Good feedback. Still iterating on the messaging – at this stage, we are still figuring out how to describe the product.

When you begin incorporating ES into your application, roughly you’d be thinking about: 1. Figuring out the structure of your data and translating that into ES’s mapping 2. Learning the query syntax (the ES docs assume you already know Lucene, not usually the case.) 3. Setup an ingest workflow and keeping your indexed data in sync 4. Securing your cluster if you want to hit ES directly from the browser/API client 5. Maintaining your cluster

Silota attempts to solve 3, 4, 5. Improving documentation helps with 2.

There’s an e-commerce search example here: http://www.silota.com/docs/api/ecommerce-product-search-exam...

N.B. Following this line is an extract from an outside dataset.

(* Let $c>0$ and consider the space of variables $(\rho,u,v,p,e,dx,dy)$, with $q^{2}=u^{2}+v^{2}<c^{2}$, where $dx,dy$ are treated as independent coordinates. Put $\Gamma=1/\sqrt{c^{2}-q^{2}}$ and $S=(e+p)\Gamma^{2}$. For a real parameter $\epsilon$ (where all expressions are defined) define $T_\epsilon:(\rho,u,v,p,e,dx,dy)\mapsto(\rho^{*},u^{*},v^{*},p^{*},e^{*},dx^{*},dy^{*})$ by \[ u^{*}=\frac{u}{\epsilon p+1},\quad v^{*}=\frac{v}{\epsilon p+1},\quad p^{*}=\frac{p}{\epsilon p+1},\quad \rho^{*}=\rho c\Gamma\sqrt{\tilde\Delta}\,\frac{\epsilon p+1}{\epsilon(p+Sq^{2})+1}, \] \[ e^{*}=\frac{c^{2}(\epsilon p+1)(e+p)\tilde\Delta}{(\epsilon p+1)(c^{2}-q^{2})+\epsilon(e+p)q^{2}}-\frac{p}{\epsilon p+1},\qquad \tilde\Delta=1-\frac{q^{2}}{c^{2}(\epsilon p+1)^{2}}, \] \[ dx^{*}=\epsilon\big((p+Sv^{2})\,dx-Suv\,dy\big)+dx,\qquad dy^{*}=\epsilon\big(-Suv\,dx+(p+Su^{2})\,dy\big)+dy. \] (This is the subclass, with $a_1=-\epsilon^{-1}$, $a_2=a_4=\epsilon^{-1}$, $a_3=1$ and after rescaling $x^*\to a_1x^*$, $y^*\to a_1y^*$, of reciprocal transformations leaving invariant the two-dimensional steady relativistic gasdynamic system $\partial_x(Ru)+\partial_y(Rv)=0$, $\partial_x(p+Su^2)+\partial_y(Suv)=0$, $\partial_x(Suv)+\partial_y(p+Sv^2)=0$, $\partial_x(Su)+\partial_y(Sv)=0$, $R=\rho\Gamma$.) Then $\{T_\epsilon\}$ is a one-parameter Lie group of transformations with infinitesimal generator \[ X=-\rho eq^{2}\Gamma^{2}\partial_{\rho}-pu\,\partial_{u}-pv\,\partial_{v}-p^{2}\partial_{p}+(c^{2}p^{2}-e^{2}q^{2})\Gamma^{2}\partial_{e} \] \[ +\Big(((c^{2}-u^{2})p+ev^{2})\,dx-uv(e+p)\,dy\Big)\Gamma^{2}\partial_{dx}+\Big(((c^{2}-v^{2})p+eu^{2})\,dy-uv(e+p)\,dx\Big)\Gamma^{2}\partial_{dy}, \] that is, with $q^{*2}=u^{*2}+v^{*2}$, the transformed quantities satisfy the Cauchy problem \[ \frac{d\rho^{*}}{d\epsilon}=-\frac{\rho^{*}e^{*}q^{*2}}{c^{2}-q^{*2}},\quad \frac{du^{*}}{d\epsilon}=-p^{*}u^{*},\quad \frac{dv^{*}}{d\epsilon}=-p^{*}v^{*},\quad \frac{dp^{*}}{d\epsilon}=-p^{*2},\quad \frac{de^{*}}{d\epsilon}=\frac{c^{2}p^{*2}-q^{*2}e^{*2}}{c^{2}-q^{*2}}, \] \[ \frac{d(dx^{*})}{d\epsilon}=\frac{((c^{2}-u^{*2})p^{*}+e^{*}v^{*2})dx^{*}-u^{*}v^{*}(e^{*}+p^{*})dy^{*}}{c^{2}-q^{*2}},\quad \frac{d(dy^{*})}{d\epsilon}=\frac{((c^{2}-v^{*2})p^{*}+e^{*}u^{*2})dy^{*}-u^{*}v^{*}(e^{*}+p^{*})dx^{*}}{c^{2}-q^{*2}}, \] with initial data at $\epsilon=0$ equal to $(\rho,u,v,p,e,dx,dy)$.
   Context: $c$ is the speed of light; $\rho$, $(u,v)$, $p$, $e$ are density, velocity components, pressure and energy density. The differentials $dx,dy$ are regarded as additional coordinates acted on by the transformations. A one-parameter Lie group of transformations is a family $T_\epsilon$ with $T_0=\mathrm{id}$ and $T_{\epsilon_1}\circ T_{\epsilon_2}=T_{\epsilon_1+\epsilon_2}$; its infinitesimal generator is the vector field of $\epsilon$-derivatives at $\epsilon=0$. *)

theory Defs
  imports "HOL-Analysis.Analysis"
begin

I agree. Searching is actually the easy part. Setting up a distributed cluster, allocating shards, replicas, rebalancing , etc is the hard part.


And that's supposed to be the hard part. There are no workaround for the hard parts. You need to understand the complex issues involved. However, you may want to read the blog from Found.no, they have a lot of great material: https://www.found.no/foundation/


Clustering Solr is even harder. I would say that, once you know what you're doing, ES makes this much easier.


What i'd really love to see is an administrating Elasticsearch guide and a common recipes guide, both would be super helpful for getting started and more advanced tasks. Having run into issues with Elasticsearch data scaling, trying to pull answers out of the current guides or the IRC channel is like pulling teeth... from an alligator... with a laser attached to its head.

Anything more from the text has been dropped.